It makes them different because there is method behind there madness...Many breeders breed for one reason..to keep a pup to hopefully show..So when there choosing the one to keep they need to make sure they choose the best one in the litter..Instead of regret it laters..You cant just take a wild guess you bred your bitch for one reason so you need to make sure you keep the pup that you bred your bitch for! most breeders dont keep the two..they will have a home lined up after they took there pick out the two..

There is no need for a person wanting pets to take two imo.


----------



## Guest (Sep 12, 2009)

majortom said:


> i kept three,lol
> 2 boys and one girl
> never had a cross word between them
> but i did walk and train them on their own so each got their
> ...


lmfao !! Now that is madness carole..:001_tt2:


----------



## Natik (Mar 9, 2008)

DevilDogz said:


> It makes them different because there is method behind there madness...Many breeders breed for one reason..to keep a pup to hopefully show..So when there choosing the one to keep they need to make sure they choose the best one in the litter..Instead of regret it laters..You cant just take a wild guess you bred your bitch for one reason so you need to make sure you keep the pup that you bred your bitch for! most breeders dont keep the two..they will have a home lined up after they took there pick out the two..
> 
> There is no need for a person wanting pets to take two imo.

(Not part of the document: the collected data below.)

(* Let $E=\begin{pmatrix}1&0\\0&z\end{pmatrix}$, $U=\begin{pmatrix}x&z\\1&0\end{pmatrix}$ and $P=UE$, matrices over $\mathrm{GF}(2)[x,z]$, acting on row vectors from the right. Then (i) for $n\ge0$, $(f^{(n+1)},g^{(n+1)})=(f^{(n)},g^{(n)})M_n$ where $M_n=E$ if $n$ is even and $M_n=U$ if $n$ is odd; (ii) for $i\ge1$, $$(f^{(2i)},g^{(2i)})=(x+z,z^2)\,P^{i-1}U\quad\text{and}\quad (f^{(2i+1)},g^{(2i+1)})=(x+z,z^2)\,P^{i}.$$
   Context: $\mathbb{F}=\mathrm{GF}(2)$, $R=\mathbb{F}[x,z]$, $|\cdot|$ is total degree. Let $(r_0,r_1,\ldots)$ be the binary sequence with $r_i=1$ if $i=2^j-1$ for some $j\ge 0$ and $r_i=0$ otherwise. For $n\ge1$ its inverse form is $R^{(1-n)}=\sum_{j=1-n}^{0}r_{-j}\,x^{j}z^{1-n-j}\in\mathbb{F}[x^{-1},z^{-1}]$. For a form $f\in R$ and such a form $G$, $\Delta(f;G)$ is the coefficient of $x^{|f|+|G|}z^0$ in $f\cdot G$ computed in $\mathbb{F}[x^{\pm1},z^{\pm1}]$ if $|f|+|G|\le 0$, and $0$ otherwise. Define forms recursively: $(f^{(0)},g^{(0)})=(x+z,z)$; for $k\ge0$ let $d_k=|g^{(k)}|-|f^{(k)}|$ and $\Delta_k=\Delta(f^{(k)};R^{(-1-k)})$, and set $(f^{(k+1)},g^{(k+1)})=(f^{(k)},zg^{(k)})$ if $\Delta_k=0$; $=(f^{(k)}+x^{-d_k}g^{(k)},\,zg^{(k)})$ if $\Delta_k=1$ and $d_k\le0$; $=(x^{d_k}f^{(k)}+g^{(k)},\,zf^{(k)})$ if $\Delta_k=1$ and $d_k>0$. *)

theory Defs
  imports "HOL-Computational_Algebra.Polynomial" "HOL-Library.Z2"
begin

text \<open>Bivariate polynomials over GF(2) = bit, represented as polynomials in z whose
  coefficients are polynomials in x:  p = \<Sum>_b (coeff p b)(x) z^b.\<close>

type_synonym form = "bit poly poly"

definition mcoeff :: "form \<Rightarrow> nat \<Rightarrow> nat \<Rightarrow> bit" where
  "mcoeff p a b = coeff (coeff p b) a"

definition Xf :: form where "Xf = [:[:0, 1:]:]"
definition Zf :: form where "Zf = [:0, 1:]"

definition tdeg :: "form \<Rightarrow> nat" where
  "tdeg p = (if p = 0 then 0 else Max {a + b | a b. mcoeff p a b \<noteq> 0})"

definition rseq :: "nat \<Rightarrow> bit" where
  "rseq i = (if \<exists>j. i = 2 ^ j - 1 then 1 else 0)"

text \<open>Delta(f; R^(1-n)): coefficient of x^(|f|+|G|) z^0 in f * R^(1-n), where
  R^(1-n) = sum_{j=1-n}^{0} r_(-j) x^j z^(1-n-j), |G| = 1-n; written out explicitly:
  the monomial x^a z^b of f contributes with x^j z^(1-n-j) iff b+1-n-j=0 and
  a+j = |f|+1-n.\<close>
definition Delta :: "form \<Rightarrow> nat \<Rightarrow> bit" where
  "Delta f n = (if int (tdeg f) + (1 - int n) \<le> 0 then
     (\<Sum>j\<in>{1 - int n..0}.
        (if int (tdeg f) + (1 - int n) - j \<ge> 0 \<and> int n - 1 + j \<ge> 0 then
           rseq (nat (- j)) * mcoeff f (nat (int (tdeg f) + (1 - int n) - j)) (nat (int n - 1 + j))
         else 0))
   else 0)"

definition xpow :: "nat \<Rightarrow> form \<Rightarrow> form" where
  "xpow m f = smult (monom 1 m) f"

definition step :: "nat \<Rightarrow> form \<times> form \<Rightarrow> form \<times> form" where
  "step k fg = (let f = fst fg; g = snd fg; d = int (tdeg g) - int (tdeg f) in
     if Delta f (k + 2) = 0 then (f, Zf * g)
     else if d \<le> 0 then (f + xpow (nat (- d)) g, Zf * g)
     else (xpow (nat d) f + g, Zf * f))"
  \<comment> \<open>Delta_k = Delta(f^(k); R^(-1-k)) = Delta f (k+2) since 1-(k+2) = -1-k\<close>

fun FG :: "nat \<Rightarrow> form \<times> form" where
  "FG 0 = (Xf + Zf, Zf)"
| "FG (Suc k) = step k (FG k)"

text \<open>2x2 matrices (a,b,c,d) = [[a,b],[c,d]], acting on row vectors from the right.\<close>
type_synonym mat2 = "form \<times> form \<times> form \<times> form"

definition vmul :: "form \<times> form \<Rightarrow> mat2 \<Rightarrow> form \<times> form" where
  "vmul v M = (case v of (f, g) \<Rightarrow> case M of (a, b, c, d) \<Rightarrow> (f * a + g * c, f * b + g * d))"

definition mmul :: "mat2 \<Rightarrow> mat2 \<Rightarrow> mat2" where
  "mmul M N = (case M of (a, b, c, d) \<Rightarrow> case N of (a', b', c', d') \<Rightarrow>
     (a * a' + b * c', a * b' + b * d', c * a' + d * c', c * b' + d * d'))"

definition mid :: mat2 where "mid = (1, 0, 0, 1)"

fun mpow :: "mat2 \<Rightarrow> nat \<Rightarrow> mat2" where
  "mpow M 0 = mid"
| "mpow M (Suc n) = mmul (mpow M n) M"

definition Emat :: mat2 where "Emat = (1, 0, 0, Zf)"
definition Umat :: mat2 where "Umat = (Xf, Zf, 1, 0)"
definition Pmat :: mat2 where "Pmat = mmul Umat Emat"

end

theory Submission
  imports Defs "HOL-Computational_Algebra.Formal_Power_Series"
begin

text \<open>
  The pairs run through (F(i+1), z F(i)) and (F(i+1), z^2 F(i)), where F(0) = 1,
  F(1) = x + z and F(n+2) = x F(n+1) + z^2 F(n), provided the discrepancy of F(i+1) is 0 at
  even and 1 at odd steps. For the homogeneous F(n) with dehomogenisation D(n)(t), that
  discrepancy is the sum over a of D(n)_a r_(a+s), i.e. D(n)(S) applied to r with S the shift.
  Over GF(2) the series R = \<Sum> r_i X^i satisfies R = 1 + X R^2, hence S R = R^2 and
  1 + R = X R^2, and along the recurrence D(n)(S) R = X^n R^(2n+1): its coefficients vanish
  below n and equal 1 at n. The matrix identities are then a rewriting of the two step rules.
\<close>

(* Z2 rewrites + and * on bit into XOR and AND, which derails ring reasoning. *)
declare add_bit_eq_xor [simp del] mult_bit_eq_and [simp del]
lemma Bcoef_eq:
  "Bcoef A d a n m = (\<Sum>j\<in>{1..a}. \<Sum>l\<in>{-int n..int n}. A l j * (\<Sum>q<nat (int n - l). prog_term d m j q))"
proof -
  have "(\<Sum>k\<in>{0..M - 1}. f k) = (\<Sum>q<nat M. f (int q))" for M :: int and f :: "int \<Rightarrow> real"
    by (rule sum.reindex_bij_witness[of _ int nat]) auto
  thus ?thesis unfolding Bcoef_def prog_term_def by simp
qed

lemma partial_fraction_on_progression:
  fixes P :: "real \<Rightarrow> real" and A :: "int \<Rightarrow> nat \<Rightarrow> real"
  assumes m: "m \<ge> 1"
    and pfd: "\<And>t. (\<forall>l\<in>{-int n..int n}. t \<noteq> real d * of_int l) \<Longrightarrow>
        P t = (\<Sum>j\<in>{1..a}. \<Sum>l\<in>{-int n..int n}. A l j / (t - real d * of_int l) ^ j)"
  shows "P (real (d*(n+i)+m)) =
           (\<Sum>j\<in>{1..a}. \<Sum>l\<in>{-int n..int n}. A l j * prog_term d m j (i + nat (int n - l)))"
proof -
  have shift: "real (d*(n+i)+m) - real d * of_int l = real (d*(i + nat (int n - l)) + m)"
    if "l \<in> {-int n..int n}" for l
  proof -
    have "real (nat (int n - l)) = real n - of_int l" using that by simp
    thus ?thesis by (simp only: of_nat_add of_nat_mult) (simp add: algebra_simps)
  qed
  have "d * n < d*(n+i)+m" using m by (simp add: algebra_simps)
  hence "real d * real n < real (d*(n+i)+m)" by (simp only: of_nat_mult[symmetric] of_nat_less_iff)
  hence "P (real (d*(n+i)+m)) = (\<Sum>j\<in>{1..a}. \<Sum>l\<in>{-int n..int n}.
                                    A l j / (real (d*(n+i)+m) - real d * of_int l)^j)"
    by (intro pfd beyond_poles)
  also have "\<dots> = (\<Sum>j\<in>{1..a}. \<Sum>l\<in>{-int n..int n}. A l j * prog_term d m j (i + nat (int n - l)))"
  proof (intro sum.cong refl)
    fix j l assume "l \<in> {-int n..int n}"
    show "A l j / (real (d*(n+i)+m) - real d * of_int l)^j = A l j * prog_term d m j (i + nat (int n - l))"
      unfolding shift[OF \<open>l \<in> {-int n..int n}\<close>] prog_term_def by simp
  qed
  finally show ?thesis .
qed

lemma partial_fraction_progression_sums:
  fixes P :: "real \<Rightarrow> real" and A :: "int \<Rightarrow> nat \<Rightarrow> real"
  assumes d: "d > 0" and m: "m \<ge> 1" and a: "a \<ge> 1"
    and pfd: "\<And>t. (\<forall>l\<in>{-int n..int n}. t \<noteq> real d * of_int l) \<Longrightarrow>
        P t = (\<Sum>j\<in>{1..a}. \<Sum>l\<in>{-int n..int n}. A l j / (t - real d * of_int l) ^ j)"
    and residue: "Acoef A n 1 = 0"
  shows "(\<lambda>i. P (real (d*(n+i)+m))) sums
           ((\<Sum>j\<in>{2..a}. Acoef A n j * suminf (prog_term d m j)) - Bcoef A d a n m)"
proof -
  define L where "L = {-int n..int n}"
  define p where "p l = nat (int n - l)" for l
  define g where "g = prog_term d m"
  define H where "H j r = (\<Sum>q<r. g j q)" for j r
  have split_first: "(\<Sum>j\<in>{1..a}. F j) = F 1 + (\<Sum>j\<in>{2..a}. F j)" for F :: "nat \<Rightarrow> real"
    using sum.atLeast_Suc_atMost[of 1 a F] a by (simp add: numeral_2_eq_2)
  \<comment> \<open>Since the simple-pole residues add up to zero, subtracting \<open>g 1 i\<close> from each of them
      turns the divergent harmonic-type part into convergent telescoping series.\<close>
  have term_eq: "P (real (d*(n+i)+m)) = (\<Sum>l\<in>L. A l 1 * (g 1 (i + p l) - g 1 i))
                   + (\<Sum>j\<in>{2..a}. \<Sum>l\<in>L. A l j * g j (i + p l))" for i
  proof -
    have "P (real (d*(n+i)+m)) = (\<Sum>j\<in>{1..a}. \<Sum>l\<in>L. A l j * g j (i + p l))"
      unfolding L_def p_def g_def by (rule partial_fraction_on_progression[OF m pfd])
    also have "\<dots> = (\<Sum>l\<in>L. A l 1 * g 1 (i + p l)) + (\<Sum>j\<in>{2..a}. \<Sum>l\<in>L. A l j * g j (i + p l))"
      by (rule split_first)
    also have "(\<Sum>l\<in>L. A l 1 * g 1 (i + p l)) = (\<Sum>l\<in>L. A l 1 * (g 1 (i + p l) - g 1 i))"
      using residue by (simp add: Acoef_def L_def right_diff_distrib sum_subtractf flip: sum_distrib_right)
    finally show ?thesis .
  qed
  have sums_terms: "(\<lambda>i. (\<Sum>l\<in>L. A l 1 * (g 1 (i + p l) - g 1 i))
                        + (\<Sum>j\<in>{2..a}. \<Sum>l\<in>L. A l j * g j (i + p l)))
      sums ((\<Sum>l\<in>L. A l 1 * - H 1 (p l)) + (\<Sum>j\<in>{2..a}. \<Sum>l\<in>L. A l j * (suminf (g j) - H j (p l))))"
  proof (intro sums_add sums_sum sums_mult)
    fix l
    show "(\<lambda>i. g 1 (i + p l) - g 1 i) sums - H 1 (p l)"
      unfolding H_def g_def by (rule shifted_difference_sums[OF prog_term_tendsto_zero[OF d]]) simp
  next
    fix j l assume "j \<in> {2..a}"
    hence "summable (g j)" unfolding g_def using prog_term_summable[OF d m] by simp
    thus "(\<lambda>i. g j (i + p l)) sums (suminf (g j) - H j (p l))"
      unfolding H_def by (intro sums_split_initial_segment summable_sums)
  qed
  have "Bcoef A d a n m = (\<Sum>l\<in>L. A l 1 * H 1 (p l)) + (\<Sum>j\<in>{2..a}. \<Sum>l\<in>L. A l j * H j (p l))"
    unfolding Bcoef_eq split_first by (simp add: L_def H_def p_def g_def)
  hence limit_value: "(\<Sum>l\<in>L. A l 1 * - H 1 (p l)) + (\<Sum>j\<in>{2..a}. \<Sum>l\<in>L. A l j * (suminf (g j) - H j (p l)))
      = (\<Sum>j\<in>{2..a}. Acoef A n j * suminf (prog_term d m j)) - Bcoef A d a n m"
    by (simp add: Acoef_def L_def g_def right_diff_distrib sum_subtractf sum_distrib_right sum_negf)
  have "(\<lambda>i. P (real (d*(n+i)+m))) = (\<lambda>i. (\<Sum>l\<in>L. A l 1 * (g 1 (i + p l) - g 1 i))
                        + (\<Sum>j\<in>{2..a}. \<Sum>l\<in>L. A l j * g j (i + p l)))"
    by (rule ext) (rule term_eq)
  with sums_terms show ?thesis unfolding limit_value by simp
qed
definition hfun :: "(real \<times> 'e \<Rightarrow> 'x measure) \<Rightarrow> (real \<times> 'e) set \<Rightarrow> ('x \<Rightarrow> ereal)
    \<Rightarrow> 'x \<Rightarrow> real \<Rightarrow> ereal" where
  "hfun P H U x t0 =
     (SUP p \<in> {p \<in> H. t0 \<le> fst p}. ereal (measure (P p) {y \<in> space (P p). U y \<le> U x}))"

definition modif :: "(real \<times> 'e \<Rightarrow> 'x measure) \<Rightarrow> (real \<times> 'e) set \<Rightarrow> ereal \<Rightarrow> ereal \<Rightarrow> real
    \<Rightarrow> ('x \<Rightarrow> ereal) \<Rightarrow> 'x \<Rightarrow> real set" where
  "modif P H A B \<alpha> U x =
     interval_hull {t0. A \<le> ereal t0 \<and> ereal t0 \<le> B \<and> hfun P H U x t0 > ereal \<alpha>}"

definition modU :: "(real \<times> 'e \<Rightarrow> 'x measure) \<Rightarrow> (real \<times> 'e) set \<Rightarrow> ereal \<Rightarrow> ereal \<Rightarrow> real
    \<Rightarrow> ('x \<Rightarrow> ereal) \<Rightarrow> 'x \<Rightarrow> ereal" where
  "modU P H A B \<alpha> U = (\<lambda>x. upper_end (modif P H A B \<alpha> U x))"

text \<open>C^{M infinity}(x) = intersection over k \<ge> 1 of C^{Mk}(x), where
  C^{M(k+1)} is the modification of the interval with endpoint (modU ^^ k) U.\<close>
definition modif_inf :: "(real \<times> 'e \<Rightarrow> 'x measure) \<Rightarrow> (real \<times> 'e) set \<Rightarrow> ereal \<Rightarrow> ereal \<Rightarrow> real
    \<Rightarrow> ('x \<Rightarrow> ereal) \<Rightarrow> 'x \<Rightarrow> real set" where
  "modif_inf P H A B \<alpha> U x = (\<Inter>k. modif P H A B \<alpha> ((modU P H A B \<alpha> ^^ k) U) x)"
(* For metric formulas $\psi,\varphi$, over strict timed traces, and for $n>0$: $\psi\,\mathsf{U}_{[n,n]}\,\varphi\equiv\psi\wedge\bigvee_{i=1}^n\bigcirc_{[i,i]}(\psi\,\mathsf{U}_{[n-i,n-i]}\,\varphi)$; $\psi\,\mathsf{R}_{[n,n]}\,\varphi\equiv\psi\vee\bigwedge_{i=1}^n\widehat{\bigcirc}_{[i,i]}(\psi\,\mathsf{R}_{[n-i,n-i]}\,\varphi)$; $\Diamond_{[n,n]}\varphi\equiv\bigvee_{i=1}^n\bigcirc_{[i,i]}\Diamond_{[n-i,n-i]}\varphi$; $\Box_{[n,n]}\varphi\equiv\bigwedge_{i=1}^n\widehat{\bigcirc}_{[i,i]}\Box_{[n-i,n-i]}\varphi$; and the same holds for the dual past operators (replacing $\mathsf{U},\mathsf{R},\bigcirc,\widehat{\bigcirc},\Diamond,\Box$ by $\mathsf{S},\mathsf{T},\bullet,\widehat{\bullet}$, eventually before ($\top\,\mathsf{S}\,\cdot$), $\blacksquare$, respectively).
   Context: Metric formulas over $\mathcal{A}$: $\varphi ::= p \mid \bot \mid \varphi_1\otimes\varphi_2 \mid \bullet_I\varphi \mid \varphi_1\,\mathsf{S}_I\,\varphi_2 \mid \varphi_1\,\mathsf{T}_I\,\varphi_2 \mid \bigcirc_I\varphi \mid \varphi_1\,\mathsf{U}_I\,\varphi_2 \mid \varphi_1\,\mathsf{R}_I\,\varphi_2$, $\otimes\in\{\to,\wedge,\vee\}$, $I=[m,n)$; $[m,n]$ abbreviates $[m,n+1)$. Derived: $\neg\varphi=\varphi\to\bot$, $\top=\neg\bot$, $\blacksquare_I\varphi=\bot\,\mathsf{T}_I\,\varphi$, eventually before $=\top\,\mathsf{S}_I\,\varphi$, $\widehat{\bullet}_I\varphi=\bullet_I\varphi\vee\neg\bullet_I\top$, $\Box_I\varphi=\bot\,\mathsf{R}_I\,\varphi$, $\Diamond_I\varphi=\top\,\mathsf{U}_I\,\varphi$, $\widehat{\bigcirc}_I\varphi=\bigcirc_I\varphi\vee\neg\bigcirc_I\top$. Timed HT-trace $\mathbf{M}=(\langle\mathbf{H},\mathbf{T}\rangle,\tau)$ of length $\lambda$: $H_i\subseteq T_i\subseteq\mathcal{A}$, $\tau:[0,\lambda)\to\mathbb{N}$, $\tau(0)=0$; strict means $\tau(i)<\tau(i+1)$ whenever $i+1<\lambda$. Satisfaction at $k$: $\bot$ never; $p$ iff $p\in H_k$; $\wedge,\vee$ usual; $\varphi\to\psi$ iff for both $\mathbf{M}'=\mathbf{M}$ and $\mathbf{M}'=(\langle\mathbf{T},\mathbf{T}\rangle,\tau)$, $\mathbf{M}',k\not\models\varphi$ or $\mathbf{M}',k\models\psi$; $\bullet_I\varphi$: $k>0$, $\varphi$ at $k-1$, $\tau(k)-\tau(k-1)\in I$; $\varphi\,\mathsf{S}_I\,\psi$: some $j\in[0,k]$ with $\tau(k)-\tau(j)\in I$, $\psi$ at $j$, $\varphi$ at all $i\in(j,k]$; $\varphi\,\mathsf{T}_I\,\psi$: for all such $j$, $\psi$ at $j$ or $\varphi$ at some $i\in(j,k]$; $\bigcirc_I\varphi$: $k+1<\lambda$, $\varphi$ at $k+1$, $\tau(k+1)-\tau(k)\in I$; $\varphi\,\mathsf{U}_I\,\psi$: some $j\in[k,\lambda)$ with $\tau(j)-\tau(k)\in I$, $\psi$ at $j$, $\varphi$ at all $i\in[k,j)$; $\varphi\,\mathsf{R}_I\,\psi$: for all such $j$, $\psi$ at $j$ or $\varphi$ at some $i\in[k,j)$. $\varphi\equiv\psi$ means $\mathbf{M},k\models\varphi\leftrightarrow\psi$ for all (here: strict) timed HT-traces $\mathbf{M}$ and all $k$. *)

theory Defs
  imports Main "HOL-Library.Extended_Nat"
begin

type_synonym interval = "nat \<times> enat"

definition in_int :: "nat \<Rightarrow> interval \<Rightarrow> bool" where
  "in_int d I \<longleftrightarrow> fst I \<le> d \<and> enat d < snd I"

text \<open>[m,n] abbreviates [m,n+1).\<close>
definition pt :: "nat \<Rightarrow> interval" where
  "pt n = (n, enat (Suc n))"

datatype 'a mform =
    Atom 'a
  | Bot
  | Impl "'a mform" "'a mform"
  | Conj "'a mform" "'a mform"
  | Disj "'a mform" "'a mform"
  | Prev interval "'a mform"
  | Since interval "'a mform" "'a mform"
  | Trigger interval "'a mform" "'a mform"
  | Next interval "'a mform"
  | Until interval "'a mform" "'a mform"
  | Release interval "'a mform" "'a mform"

definition Neg :: "'a mform \<Rightarrow> 'a mform" where "Neg \<phi> = Impl \<phi> Bot"
definition Top :: "'a mform" where "Top = Neg Bot"
definition Iff :: "'a mform \<Rightarrow> 'a mform \<Rightarrow> 'a mform" where
  "Iff \<phi> \<psi> = Conj (Impl \<phi> \<psi>) (Impl \<psi> \<phi>)"
definition Always_before :: "interval \<Rightarrow> 'a mform \<Rightarrow> 'a mform" where
  "Always_before I \<phi> = Trigger I Bot \<phi>"
definition Eventually_before :: "interval \<Rightarrow> 'a mform \<Rightarrow> 'a mform" where
  "Eventually_before I \<phi> = Since I Top \<phi>"
definition Weak_prev :: "interval \<Rightarrow> 'a mform \<Rightarrow> 'a mform" where
  "Weak_prev I \<phi> = Disj (Prev I \<phi>) (Neg (Prev I Top))"
definition Always :: "interval \<Rightarrow> 'a mform \<Rightarrow> 'a mform" where
  "Always I \<phi> = Release I Bot \<phi>"
definition Eventually :: "interval \<Rightarrow> 'a mform \<Rightarrow> 'a mform" where
  "Eventually I \<phi> = Until I Top \<phi>"
definition Weak_next :: "interval \<Rightarrow> 'a mform \<Rightarrow> 'a mform" where
  "Weak_next I \<phi> = Disj (Next I \<phi>) (Neg (Next I Top))"

fun BigOr :: "'a mform list \<Rightarrow> 'a mform" where
  "BigOr [] = Bot"
| "BigOr [\<phi>] = \<phi>"
| "BigOr (\<phi> # \<psi>s) = Disj \<phi> (BigOr \<psi>s)"

fun BigAnd :: "'a mform list \<Rightarrow> 'a mform" where
  "BigAnd [] = Top"
| "BigAnd [\<phi>] = \<phi>"
| "BigAnd (\<phi> # \<psi>s) = Conj \<phi> (BigAnd \<psi>s)"

primrec sat :: "(nat \<Rightarrow> 'a set) \<Rightarrow> (nat \<Rightarrow> 'a set) \<Rightarrow> (nat \<Rightarrow> nat) \<Rightarrow> enat \<Rightarrow> nat
                 \<Rightarrow> 'a mform \<Rightarrow> bool" where
  "sat H T \<tau> lam k (Atom p) = (p \<in> H k)"
| "sat H T \<tau> lam k Bot = False"
| "sat H T \<tau> lam k (Impl \<phi> \<psi>) =
     ((\<not> sat H T \<tau> lam k \<phi> \<or> sat H T \<tau> lam k \<psi>) \<and>
      (\<not> sat T T \<tau> lam k \<phi> \<or> sat T T \<tau> lam k \<psi>))"
| "sat H T \<tau> lam k (Conj \<phi> \<psi>) = (sat H T \<tau> lam k \<phi> \<and> sat H T \<tau> lam k \<psi>)"
| "sat H T \<tau> lam k (Disj \<phi> \<psi>) = (sat H T \<tau> lam k \<phi> \<or> sat H T \<tau> lam k \<psi>)"
| "sat H T \<tau> lam k (Prev I \<phi>) =
     (0 < k \<and> sat H T \<tau> lam (k - 1) \<phi> \<and> in_int (\<tau> k - \<tau> (k - 1)) I)"
| "sat H T \<tau> lam k (Since I \<phi> \<psi>) =
     (\<exists>j\<le>k. in_int (\<tau> k - \<tau> j) I \<and> sat H T \<tau> lam j \<psi> \<and>
        (\<forall>i. j < i \<and> i \<le> k \<longrightarrow> sat H T \<tau> lam i \<phi>))"
| "sat H T \<tau> lam k (Trigger I \<phi> \<psi>) =
     (\<forall>j\<le>k. in_int (\<tau> k - \<tau> j) I \<longrightarrow> sat H T \<tau> lam j \<psi> \<or>
        (\<exists>i. j < i \<and> i \<le> k \<and> sat H T \<tau> lam i \<phi>))"
| "sat H T \<tau> lam k (Next I \<phi>) =
     (enat (Suc k) < lam \<and> sat H T \<tau> lam (Suc k) \<phi> \<and> in_int (\<tau> (Suc k) - \<tau> k) I)"
| "sat H T \<tau> lam k (Until I \<phi> \<psi>) =
     (\<exists>j. k \<le> j \<and> enat j < lam \<and> in_int (\<tau> j - \<tau> k) I \<and> sat H T \<tau> lam j \<psi> \<and>
        (\<forall>i. k \<le> i \<and> i < j \<longrightarrow> sat H T \<tau> lam i \<phi>))"
| "sat H T \<tau> lam k (Release I \<phi> \<psi>) =
     (\<forall>j. k \<le> j \<and> enat j < lam \<and> in_int (\<tau> j - \<tau> k) I \<longrightarrow> sat H T \<tau> lam j \<psi> \<or>
        (\<exists>i. k \<le> i \<and> i < j \<and> sat H T \<tau> lam i \<phi>))"

definition strict_timed_ht_trace ::
  "(nat \<Rightarrow> 'a set) \<Rightarrow> (nat \<Rightarrow> 'a set) \<Rightarrow> (nat \<Rightarrow> nat) \<Rightarrow> enat \<Rightarrow> bool" where
  "strict_timed_ht_trace H T \<tau> lam \<longleftrightarrow>
     (\<forall>i. enat i < lam \<longrightarrow> H i \<subseteq> T i) \<and> \<tau> 0 = 0 \<and>
     (\<forall>i. enat (Suc i) < lam \<longrightarrow> \<tau> i < \<tau> (Suc i))"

that makes it alright then .... its not about the dogs its about their looks and the breeders want to have a nice dog for showing and winning....

well, i wanted two to love and not to choose at a later stage which one will be prettier


----------



## Guest (Sep 12, 2009)

Natik said:


> that makes it alright then .... its not about the dogs its about their looks and the breeders want to have a nice dog for showing and winning....
> 
> well, i wanted two to love and not to choose at a later stage which one will be prettier


NO its not about witch is prettier  its about finding the pup you bred your bitch for in the first place.
Just to add that the girl we kept from our litter was the ugliest!


----------



## majortom (May 7, 2009)

DevilDogz said:


> lmfao !! Now that is madness carole..:001_tt2:


nope
it was great fun
especially showing them,lol
i was like a madwomen going from ring to ring,lol
we nearly kept 4,lol


----------



## Natik (Mar 9, 2008)

DevilDogz said:


> NO its not about witch is prettier  its about finding the pup you bred your bitch for in the first place.


its the same really....


----------



## Guest (Sep 12, 2009)

Natik said:


> its the same really....


NO really its not..our star isnt pretty..but so far she is perfect shape wise, head wise..ect..we bred with the aim to get a nice example of the breed that is better than the two parents.


----------



## nat1979 (Jan 2, 2009)

Zaffy said:


> I have two 4mth old pup's that are a cross-breed. One a dog the other a bitch.


Can i ask what are the pups bred out of ?


----------



## Guest (Sep 12, 2009)

majortom said:


> nope
> it was great fun
> especially showing them,lol
> i was like a madwomen going from ring to ring,lol
> we nearly kept 4,lol


lmfao !! yep your mad! 4  i bet you was im bad enough at shows with the 2 or 3 we take! :001_tt2: Hopefully adding star to our little gang for LKA.


----------



## Natik (Mar 9, 2008)

DevilDogz said:


> NO really its not..our star isnt pretty..but so far she is perfect shape wise, head wise..ect..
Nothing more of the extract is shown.